Find three consecutive even integers such that the sum of the smallest integer and twice the median integer is 20 more than the largest integer.
x + 2(x+2) = x+4 + 20
Now just solve for x, the smallest
shush
Let's call the three consecutive even integers x, x+2, and x+4.
According to the problem, the sum of the smallest integer (x) and twice the median integer (2(x+2)) is 20 more than the largest integer (x+4).
x + 2(x+2) = (x+4) + 20
Simplifying this equation step-by-step:
x + 2x + 4 = x + 24
Combining like terms:
3x + 4 = x + 24
Subtracting x from both sides:
2x + 4 = 24
Subtracting 4 from both sides:
2x = 20
Dividing both sides by 2:
x = 10
Now we have the value of the smallest integer.

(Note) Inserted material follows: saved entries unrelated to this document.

(* Under the joint threshold-based policy with thresholds $P_S,P_D$, when $D$ knows that $S$ uses this policy with threshold $P_S$, $$\Psi(P_S,P_D)=\min\Big(1,\frac{\lambda_S}{[1-p(P_{tx})]P_S},\frac{\lambda_D}{[1-p(P_{tx})]P_D}\Big),\qquad P_{tx}=\frac{P_S-P_{C,S}}{1+\alpha}.$$
   Context: Time slotted, $t=1,2,\dots$ (energy and power identified). $S$ and $D$ harvest $E_S^t,E_D^t\ge0$; $\{E_S^t\},\{E_D^t\}$ stationary ergodic with means $\lambda_S,\lambda_D>0$. Infinite batteries, $B_\beta^1=0$. Block Rayleigh fading, $|h_t|^2$ i.i.d. exponential of mean 1, independent of energy arrivals; $D$ knows $h_t$. Rate $R>0$, noise $z>0$, $\alpha>0$, circuit power $P_{C,S}\ge0$, $P_S>P_{C,S}$; outage probability $p(P_{tx})=1-\exp(-(2^R-1)z/P_{tx})$. Joint threshold-based policy with full battery-state and policy information shared: in slot $t$, if $B_S^t\ge P_S$, $B_D^t\ge P_D$ and the channel is not in outage (i.e. $|h_t|^2\ge(2^R-1)z/P_{tx}$), $S$ consumes $P_S$ and $D$ consumes $P_D$; otherwise both consume $0$. $\Psi(P_S,P_D)=\lim_{n\to\infty}\frac1n\sum_{t=1}^n\mathbf{E}[\mathbf{1}_{B_S^t\ge P_S,\,B_D^t\ge P_D}]$. *)

theory Defs
  imports "HOL-Probability.Probability"
begin

abbreviation path_space :: "(nat \<Rightarrow> real) measure" where
  "path_space \<equiv> Pi\<^sub>M UNIV (\<lambda>_. borel)"

definition stationary_process :: "'a measure \<Rightarrow> (nat \<Rightarrow> 'a \<Rightarrow> real) \<Rightarrow> bool" where
  "stationary_process M X \<longleftrightarrow>
     (\<forall>t. X t \<in> borel_measurable M) \<and>
     (\<forall>k. distr M path_space (\<lambda>\<omega> t. X (t + k) \<omega>) = distr M path_space (\<lambda>\<omega> t. X t \<omega>))"

definition ergodic_process :: "'a measure \<Rightarrow> (nat \<Rightarrow> 'a \<Rightarrow> real) \<Rightarrow> bool" where
  "ergodic_process M X \<longleftrightarrow>
     (\<forall>A \<in> sets path_space. (\<forall>x. x \<in> A \<longleftrightarrow> (\<lambda>t. x (Suc t)) \<in> A) \<longrightarrow>
        measure M {\<omega> \<in> space M. (\<lambda>t. X t \<omega>) \<in> A} \<in> {0, 1})"

definition stationary_ergodic :: "'a measure \<Rightarrow> (nat \<Rightarrow> 'a \<Rightarrow> real) \<Rightarrow> bool" where
  "stationary_ergodic M X \<longleftrightarrow> stationary_process M X \<and> ergodic_process M X"

definition outage_prob :: "real \<Rightarrow> real \<Rightarrow> real \<Rightarrow> real" where
  "outage_prob R z Ptx = 1 - exp (- ((2 powr R - 1) * z / Ptx))"

definition tx_power :: "real \<Rightarrow> real \<Rightarrow> real \<Rightarrow> real" where
  "tx_power PS PCS \<alpha> = (PS - PCS) / (1 + \<alpha>)"

text \<open>Battery states (B_S^{t+1}, B_D^{t+1}) under the joint threshold policy; index t = 0 here
  corresponds to slot 1 of the paper. ES, ED are harvested energies, g t = |h_t|^2,
  thr is the non-outage threshold (2^R-1) z / P_tx.\<close>
fun batteries :: "real \<Rightarrow> real \<Rightarrow> real \<Rightarrow> (nat \<Rightarrow> real) \<Rightarrow> (nat \<Rightarrow> real) \<Rightarrow> (nat \<Rightarrow> real)
                   \<Rightarrow> nat \<Rightarrow> real \<times> real" where
  "batteries PS PD thr ES ED g 0 = (0, 0)"
| "batteries PS PD thr ES ED g (Suc t) =
     (let (bs, bd) = batteries PS PD thr ES ED g t;
          act = (bs \<ge> PS \<and> bd \<ge> PD \<and> g t \<ge> thr)
      in (bs + ES t - (if act then PS else 0), bd + ED t - (if act then PD else 0)))"

end

theory Submission
  imports Defs "HOL-Library.Discrete_Functions"
begin

text \<open>
  Let \<open>K\<^sub>n\<close> count the slots before \<open>n\<close> in which both thresholds are met and \<open>N\<^sub>n\<close> the
  transmissions among them. The batteries are \<open>\<Sum>E\<^sub>S - P\<^sub>S N\<^sub>n \<ge> 0\<close> and \<open>\<Sum>E\<^sub>D - P\<^sub>D N\<^sub>n \<ge> 0\<close>.
  Birkhoff's ergodic theorem gives \<open>\<Sum>E\<^sub>\<beta> / n \<rightarrow> \<lambda>\<^sub>\<beta>\<close> almost surely, and since the channel
  in slot \<open>t\<close> is independent of everything that decides whether slot \<open>t\<close> is ready,
  \<open>N\<^sub>n - q K\<^sub>n\<close> is a sum of bounded orthogonal increments, hence \<open>o(n)\<close> almost surely, where
  \<open>q = 1 - p(P\<^sub>t\<^sub>x)\<close>. Energy conservation then bounds \<open>K\<^sub>n / n\<close> from above by
  \<open>1\<close>, \<open>\<lambda>\<^sub>S / (q P\<^sub>S)\<close> and \<open>\<lambda>\<^sub>D / (q P\<^sub>D)\<close>; conversely, at the last slot before \<open>n\<close> that is not
  ready some battery is below its threshold, which forces \<open>K\<^sub>n / n\<close> up to the minimum of these
  bounds. Dominated convergence turns the almost sure limit of \<open>K\<^sub>n / n\<close> into the limit of
  \<open>\<Psi>\<close>.
\<close>

section \<open>Battery dynamics and the fluid limit\<close>

context
  fixes PS PD thr :: real and es ed h :: "nat \<Rightarrow> real"
begin

definition ready :: "nat \<Rightarrow> bool" where
  "ready t \<longleftrightarrow> PS \<le> fst (batteries PS PD thr es ed h t) \<and> PD \<le> snd (batteries PS PD thr es ed h t)"

definition transmissions :: "nat \<Rightarrow> real" where
  "transmissions n = (\<Sum>t<n. of_bool (ready t \<and> thr \<le> h t))"

lemma batteries_eq:
  "batteries PS PD thr es ed h n =
     ((\<Sum>t<n. es t) - PS * transmissions n, (\<Sum>t<n. ed t) - PD * transmissions n)"
  by (induction n) (simp_all add: transmissions_def ready_def split_beta Let_def algebra_simps)

lemma batteries_cong:
  assumes "\<And>k. k < t \<Longrightarrow> h k = h' k"
  shows "batteries PS PD thr es ed h' t = batteries PS PD thr es ed h t"
  using assms by (induction t) (simp_all add: split_beta Let_def)

lemma batteries_nonneg:
  assumes "\<And>t. 0 \<le> es t" "\<And>t. 0 \<le> ed t"
  shows "0 \<le> fst (batteries PS PD thr es ed h n) \<and> 0 \<le> snd (batteries PS PD thr es ed h n)"
proof (induction n)
  case (Suc n)
  then show ?case using assms[of n] by (auto simp: split_beta Let_def)
qed simp

end

lemma sum_of_bool_lower_bound:
  fixes A :: "nat \<Rightarrow> bool" and a C :: real
  assumes "a \<le> 1" "0 \<le> C"
    and fail: "\<And>m. \<not> A m \<Longrightarrow> a * m - C \<le> (\<Sum>t<m. of_bool (A t))"
  shows "a * n - C - 1 \<le> (\<Sum>t<n. of_bool (A t))"
proof (induction n)
  case 0
  then show ?case using \<open>0 \<le> C\<close> by simp
next
  case (Suc n)
  show ?case
  proof (cases "A n")
    case True
    then show ?thesis using Suc \<open>a \<le> 1\<close> by (simp add: algebra_simps)
  next
    case False
    then show ?thesis using fail[of n] \<open>a \<le> 1\<close> by (simp add: algebra_simps)
  qed
qed

lemma eventually_imp_uniform_bound:
  fixes f g :: "nat \<Rightarrow> real"
  assumes "eventually (\<lambda>m. P m \<longrightarrow> f m \<le> g m) sequentially"
  shows "\<exists>C\<ge>0. \<forall>m. P m \<longrightarrow> f m - C \<le> g m"
proof -
  obtain n0 where n0: "\<And>m. n0 \<le> m \<Longrightarrow> P m \<longrightarrow> f m \<le> g m"
    using assms by (auto simp: eventually_sequentially)
  define C where "C = (\<Sum>m<n0. \<bar>f m - g m\<bar>)"
  have C: "C \<ge> 0" by (simp add: C_def sum_nonneg)
  have "f m - g m \<le> C" if "m < n0" for m
    unfolding C_def using that
    by (intro order.trans[OF abs_ge_self member_le_sum[of m "{..<n0}"]]) auto
  then have "P m \<longrightarrow> f m - C \<le> g m" for m
    using n0[of m] C by (cases "m < n0") force+
  with C show ?thesis by blast
qed

text \<open>\<open>K\<close> counts the slots in which both thresholds are met, \<open>N\<close> the transmissions, and
  \<open>xS\<close>, \<open>xD\<close> the harvested energies in units of \<open>P\<^sub>S\<close>, \<open>P\<^sub>D\<close>.\<close>
context
  fixes K N xS xD :: "nat \<Rightarrow> real" and A :: "nat \<Rightarrow> bool" and q aS aD :: real
  assumes K_def: "\<And>n. K n = (\<Sum>t<n. of_bool (A t))"
    and budgetS: "\<And>n. N n \<le> xS n" and budgetD: "\<And>n. N n \<le> xD n"
    and fail: "\<And>m. \<not> A m \<Longrightarrow> xS m < N m + 1 \<or> xD m < N m + 1"
    and limS: "(\<lambda>n. xS n / n) \<longlonglongrightarrow> aS" and limD: "(\<lambda>n. xD n / n) \<longlonglongrightarrow> aD"
    and lim_err: "(\<lambda>n. (N n - q * K n) / n) \<longlonglongrightarrow> 0" and q_pos: "q > 0"
begin
lemma Mset_iff:
  "f \<in> Mset a e t k s c \<longleftrightarrow> f \<in> XS a e s \<and> (\<forall>j. block_max c j \<le> \<bar>coord f j\<bar>)"
proof -
  have "(\<forall>i. \<bar>c i\<bar> \<le> \<bar>gfun t e k i f\<bar>) \<longleftrightarrow> (\<forall>j. block_max c j \<le> \<bar>coord f j\<bar>)"
    unfolding abs_le_gfun_iff block_max_le_iff block_def by blast
  then show ?thesis
    by (simp add: Mset_def)
qed

lemma minimal_element_Mset:
  assumes "block_max c \<in> l2_weighted (weight s)"
  defines "f \<equiv> \<Sum>j. block_max c j *\<^sub>R e j"
  shows "f \<in> Mset a e t k s c" and "normS a e s f = l2_weighted_norm (weight s) (block_max c)"
proof -
  have "coord f = block_max c"
    using coord_suminf[OF summable_square_if_weighted[OF assms(1)]] by (simp add: f_def fun_eq_iff)
  then show "f \<in> Mset a e t k s c" and "normS a e s f = l2_weighted_norm (weight s) (block_max c)"
    using assms(1) by (simp_all add: Mset_iff XS_eq normS_eq abs_ge_self)
qed

lemma abs_block_max_le_if_Mset:
  assumes "f \<in> Mset a e t k s c"
  shows "coord f \<in> l2_weighted (weight s)" and "\<bar>block_max c j\<bar> \<le> \<bar>coord f j\<bar>"
  using assms block_max_nonneg[of c j] by (simp_all add: Mset_iff XS_eq)

lemma ThetaS_eq: "ThetaS a e t k s = {c. block_max c \<in> l2_weighted (weight s)}"
proof -
  have "block_max c \<in> l2_weighted (weight s)" if "f \<in> Mset a e t k s c" for c f
    using l2_weighted_dominated(1) abs_block_max_le_if_Mset[OF that] by blast
  moreover have "Mset a e t k s c \<noteq> {}" if "block_max c \<in> l2_weighted (weight s)" for c
    using minimal_element_Mset(1)[OF that] by blast
  ultimately show ?thesis
    unfolding ThetaS_def by blast
qed

lemma normTh_eq:
  assumes "c \<in> ThetaS a e t k s"
  shows "normTh a e t k s c = l2_weighted_norm (weight s) (block_max c)"
  unfolding normTh_def
proof (rule cInf_eq_minimum)
  have "block_max c \<in> l2_weighted (weight s)"
    using assms by (simp add: ThetaS_eq)
  from image_eqI[where f = "normS a e s", OF minimal_element_Mset(2)[OF this, symmetric]
      minimal_element_Mset(1)[OF this]]
  show "l2_weighted_norm (weight s) (block_max c) \<in> normS a e s ` Mset a e t k s c" .
  fix y assume "y \<in> normS a e s ` Mset a e t k s c"
  then obtain f where "f \<in> Mset a e t k s c" and "y = normS a e s f"
    by blast
  then show "l2_weighted_norm (weight s) (block_max c) \<le> y"
    using l2_weighted_dominated(2)[OF abs_block_max_le_if_Mset] by (simp add: normS_eq)
qed

lemma ThetaS_normTh_le_add:
  assumes c: "c \<in> ThetaS a e t k s" and d: "d \<in> ThetaS a e t k s"
    and dominated: "\<And>i. \<bar>x i\<bar> \<le> \<bar>c i\<bar> + \<bar>d i\<bar>"
  shows "x \<in> ThetaS a e t k s" and "normTh a e t k s x \<le> normTh a e t k s c + normTh a e t k s d"
proof -
  let ?w = "weight s" and ?cd = "\<lambda>j. block_max c j + block_max d j"
  have cd: "?cd \<in> l2_weighted ?w"
    using c d by (simp add: ThetaS_eq l2_weighted_add)
  have dom: "\<bar>block_max x j\<bar> \<le> \<bar>?cd j\<bar>" for j
    using block_max_le_add[of x c d j, OF dominated] block_max_nonneg[of x j] block_max_nonneg[of c j]
      block_max_nonneg[of d j]
    by simp
  show x: "x \<in> ThetaS a e t k s"
    using l2_weighted_dominated(1)[OF cd dom] by (simp add: ThetaS_eq)
  have "l2_weighted_norm ?w (block_max x) \<le> l2_weighted_norm ?w ?cd"
    using l2_weighted_dominated(2)[OF cd dom] .
  also have "\<dots> \<le> l2_weighted_norm ?w (block_max c) + l2_weighted_norm ?w (block_max d)"
    using c d by (intro l2_weighted_norm_triangle) (simp_all add: ThetaS_eq)
  finally show "normTh a e t k s x \<le> normTh a e t k s c + normTh a e t k s d"
    using c d x by (simp add: normTh_eq)
qed
lemma finite_graphs_on:
  assumes "finite V"
  shows "finite (graphs_on V)"
proof -
  have "{{i, j} | i j. i \<in> V \<and> j \<in> V \<and> i \<noteq> j} \<subseteq> (\<lambda>(i, j). {i, j}) ` (V \<times> V)" by auto
  then have "finite {{i, j} | i j. i \<in> V \<and> j \<in> V \<and> i \<noteq> j}"
    using assms by (blast intro: finite_subset)
  then show ?thesis unfolding graphs_on_def by simp
qed

lemma adjacency_preserving_permutation_eq_id:
  assumes p: "p permutes {1..n}" and p1: "p 1 = 1"
    and adj: "\<And>i j. i \<in> {1..n} \<Longrightarrow> j \<in> {1..n} \<Longrightarrow> adjacent_pos i j \<Longrightarrow> adjacent_pos (p i) (p j)"
  shows "p = id"
proof -
  have fixed: "p m = m" if "1 \<le> m" "m \<le> n" for m
    using that
  proof (induction m rule: less_induct)
    case (less m)
    show ?case
    proof (cases "m = 1")
      case False
      then have "m \<ge> 2" using less.prems by simp
      have prev: "p (m - 1) = m - 1" using less.IH[of "m - 1"] less.prems \<open>m \<ge> 2\<close> by simp
      have range: "m - 1 \<in> {1..n}" "m \<in> {1..n}" using less.prems \<open>m \<ge> 2\<close> by auto
      have "adjacent_pos (m - 1) m" using less.prems by (simp add: adjacent_pos_def)
      then have "adjacent_pos (m - 1) (p m)" using adj[OF range] prev by simp
      then have "p m = m \<or> p m + 2 = m" using \<open>m \<ge> 2\<close> unfolding adjacent_pos_def by linarith
      moreover have "p m + 2 \<noteq> m"
      proof
        assume two: "p m + 2 = m"
        have "p m \<ge> 1" using permutes_in_image[OF p, of m] range(2) by simp
        then have "p (m - 2) = p m" using less.IH[of "m - 2"] less.prems two by simp
        with permutes_inj[OF p] have "m - 2 = m" by (rule injD)
        then show False using two by simp
      qed
      ultimately show ?thesis by blast
    qed (use p1 in simp)
  qed
  show ?thesis
  proof
    fix x show "p x = id x"
      using fixed permutes_not_in[OF p] by (cases "x \<in> {1..n}") auto
  qed
qed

We can find the other two integers by adding 2 and 4 to x:
x+2 = 10+2 = 12
x+4 = 10+4 = 14
So the three consecutive even integers are 10, 12, and 14.
To find three consecutive even integers, we can use algebraic expressions. Let's assume the smallest even integer is "x". Since we need three consecutive even integers, the next two even integers will be "x + 2" and "x + 4".
According to the problem, the sum of the smallest integer and twice the median integer (2nd number) is 20 more than the largest integer. So, we can set up the following equation:
x + 2( x + 2) = (x + 4) + 20
Now let's solve this equation step by step:
x + 2( x + 2) = (x + 4) + 20
Distribute 2 to x and 2:
x + 2x + 4 = x + 4 + 20
Combine like terms:
3x + 4 = x + 24
Subtract x from both sides:
3x - x + 4 = x - x + 24
2x + 4 = 24
Subtract 4 from both sides:
2x + 4 - 4 = 24 - 4
2x = 20
Divide both sides by 2:
(2x)/2 = 20/2
x = 10
So, the smallest even integer is 10. The next two consecutive even integers are:
1st Consecutive even integer: x = 10
2nd Consecutive even integer: x + 2 = 10 + 2 = 12
3rd Consecutive even integer: x + 4 = 10 + 4 = 14
Therefore, the three consecutive even integers are 10, 12, and 14.